At the bottom the guard had attempted to write his name but the letters had come out so crooked and helpless, probably from his trembling hand, that the signature was little more than a scribble.

Zahara folded the note and slipped it into the breast pocket of her uniform next to the vial of anti-virus. She slipped the keycard from the guard's uniform and turned toward the sign marked solitary. Then she stopped. Where was Waste? She'd given the 2-1B ample time to get down here, and usually he was so prompt-

Something happened to him.

It was that voice again, the one inside her head, the one that was never wrong. She wondered if she should go, if she even should have come down here to begin with.

You came this far.

With real reluctance she bent down and picked up one of the blasters from a dead guard's hands. It was cold and felt heavier than she remembered. Zahara had received the requisite weapons training before signing on and was able to locate the safety mechanism and switch the blaster over to stun.

There were three separate cells.

Each had a solid metal door, dull gray and coffin-sized, with a control pad and a slot for the keycard mounted up and to the right.

Zahara stepped up to the first door. She realized she'd stopped breathing. Her body felt weightless, as if her legs had simply vanished beneath her. Faintly she could smell the hot coppery scent of her own fear coming off her body, an unpleasant, unnecessary reminder of how little she really wanted to be doing any of this.

You don't have to.

Yes, I do, she thought, and brought the keycard to the slot. Her hand was shaking, and it took a moment to line it up properly and push it in.

The door began to slide open.

She jerked the blaster up, pointing it into the semidarkness. Light from the outside cast her silhouette into the cell like an outline cut crisply from black fabric with very sharp scissors. Squinting in, she could make out an empty bench, a table-but the silent two-by-two cube was otherwise absolutely empty.

There was no one here.

She stepped back and turned to the second cell, slotted the card, and-

The noise from inside the cell sounded like a snarl of surprise and rage. Zahara lurched backward, the blaster suddenly loose and clumsy in her hand, somehow unable to find the trigger as the cell's occupant charged toward her. The thing was huge, big enough that it had to duck and twist its shoulders to fit through the cell doorway, with sharp white teeth and eyes that shot back splintered gleams of intelligence.

Stumbling backward, Zahara tried to say Hold it, but the words got clogged up in her throat. It was like trying to cry out in a dream, struggling to push words through strengthless, suffocated lungs.

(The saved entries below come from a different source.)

definition partial_w :: "'n::finite \<Rightarrow> (complex^'n \<Rightarrow> complex) \<Rightarrow> complex^'n \<Rightarrow> complex" where
  "partial_w i G w = deriv (\<lambda>\<zeta>. G (\<chi> j. if j = i then \<zeta> else w $ j)) (w $ i)"

definition laplace_w :: "(complex^'n::finite \<Rightarrow> complex) \<Rightarrow> complex^'n \<Rightarrow> complex" where
  "laplace_w G w = (\<Sum>i\<in>UNIV. partial_w i (partial_w i G) w)"

end

theory Submission
  imports Defs "HOL-Complex_Analysis.Cauchy_Integral_Formula"
begin

(* Each summand e = exp ((pi |q|^2 z + 2 pi <q,w>) i) of the theta series satisfies
   d^2 e / d w_i^2 = (2 pi i q_i)^2 e and d e / d z = pi i |q|^2 e, and the sum over i of
   (2 pi i q_i)^2 is 4 pi i (pi i |q|^2): the equation holds termwise.  Termwise
   differentiation is justified by Weierstrass' theorem on locally uniform limits of
   holomorphic functions: for Im z > 0 the summands, also after multiplication by a
   polynomial in q, are dominated locally uniformly by (1 + |q|)^k exp (- a |q|^2 + b |q|),
   which is O(exp (- |q|)); and exp (- |q|) is summable over a lattice because the lattice
   is the image of Z^n under an injective linear map, reducing it to a product of geometric
   series. *)

lemma summable_on_exp_neg_abs_int:
  fixes a :: real
  assumes "a > 0"
  shows "(\<lambda>j::int. exp (- a * \<bar>of_int j\<bar>)) summable_on UNIV"
proof -
  have geometric: "(\<lambda>n::nat. exp (- a * real n)) summable_on UNIV"
    using summable_geometric[of "exp (- a)"] assms
    by (simp add: summable_on_UNIV_nonneg_real_iff exp_of_nat_mult[symmetric] mult.commute)
  have "(\<lambda>j::int. exp (- a * \<bar>of_int j\<bar>)) summable_on range int"
    by (subst summable_on_reindex) (use geometric in \<open>auto simp: o_def\<close>)
  moreover have "(\<lambda>j::int. exp (- a * \<bar>of_int j\<bar>)) summable_on range (\<lambda>n. - int n)"
    by (subst summable_on_reindex) (use geometric in \<open>auto simp: o_def inj_on_def\<close>)
  moreover have "range int \<union> range (\<lambda>n. - int n) = UNIV"
    by (auto intro: int_cases2)
  ultimately show ?thesis
    by (metis summable_on_union)
qed

lemma summable_on_exp_neg_l1_int_vectors:
  fixes c :: real
  assumes "c > 0"
  shows "(\<lambda>m::'n::finite \<Rightarrow> int. exp (- c * (\<Sum>i\<in>UNIV. \<bar>of_int (m i)\<bar>))) summable_on UNIV"
proof -
  have "Infinite_Set_Sum.abs_summable_on (\<lambda>m. \<Prod>i\<in>UNIV. exp (- c * \<bar>of_int (m i)\<bar>))
          (PiE UNIV (\<lambda>_::'n. UNIV))"
    using summable_on_exp_neg_abs_int[OF assms]
    by (intro abs_summable_on_prod_PiE) (simp_all add: abs_summable_equivalent[symmetric])
  then have "(\<lambda>m::'n \<Rightarrow> int. \<Prod>i\<in>UNIV. exp (- c * \<bar>of_int (m i)\<bar>)) summable_on UNIV"
    by (simp add: abs_summable_equivalent[symmetric] PiE_UNIV_domain abs_summable_summable)
  then show ?thesis
    by (simp add: exp_sum[symmetric] sum_distrib_left)
qed

lemma linear_sum_component_scaleR: "linear (\<lambda>x::real^'n::finite. \<Sum>i\<in>UNIV. x $ i *\<^sub>R Q i)"
  by (intro linearI) (simp_all add: scaleR_add_left sum.distrib scaleR_sum_right)

lemma inj_lincomb_of_independent:
  fixes Q :: "'n::finite \<Rightarrow> 'a::real_vector"
  assumes inj: "inj Q" and indep: "independent (range Q)"
  shows "inj (\<lambda>x::real^'n. \<Sum>i\<in>UNIV. x $ i *\<^sub>R Q i)"
proof -
  have "x = 0" if "(\<Sum>i\<in>UNIV. x $ i *\<^sub>R Q i) = 0" for x :: "real^'n"
  proof -
    have "(\<Sum>v\<in>range Q. x $ inv Q v *\<^sub>R v) = 0"
      using that inj by (simp add: sum.reindex)
    then have "x $ inv Q (Q i) = 0" for i
      using indep by (intro independentD[of "range Q" "range Q"]) auto
    then show ?thesis
      using inj by (simp add: vec_eq_iff)
  qed
  then show ?thesis
    by (simp add: linear_inj_iff_eq_0 linear_sum_component_scaleR)
qed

The thing stopped directly in front of her and lifted its shaggy head, perhaps seeing the blaster. It was a Wookiee, she realized, and at the same time she was aware of a pounding noise from the last remaining cell, a muffled shouting on the other side of the wall.

"Hold it," she said again, more clearly this time. She aimed the blaster upward. "Don't move."

The Wookiee moaned. Zahara raised the keycard and wondered how she was supposed to hold both convicts at bay with one blaster. But it was too late now.

The last cell door rattled open to reveal the figure standing immediately inside. Zahara flicked her eyes back at the Wookiee, but he hadn't moved from his spot. Glancing back at the other convict, she realized she was looking at a dark-haired man probably in his late twenties, dressed in an ill-fitting prison uniform. He was staring at her with dark and questioning eyes.

"What's going on down here?"

"I'm Dr. Cody," she said, "chief medical officer. There's been…"

"So you didn't bring us dinner?"

"What? No." She'd expected hostility, confusion, or disdain, but the inmate's cavalier attitude already had her flustered. "I'm afraid there's been an incident." She raised the blaster, and the Wookiee threw back its head and let out a restless, deep-chested bray that seemed to shake the air around her.

"Okay, okay," the man said, "put the blaster down, huh? You're making Chewie nervous."

"Chewie?"

"Chewbacca, my copilot," the dark-haired man said, coming forward so she could see his face more clearly, the half smile quirked across his face. "I'm Han Solo."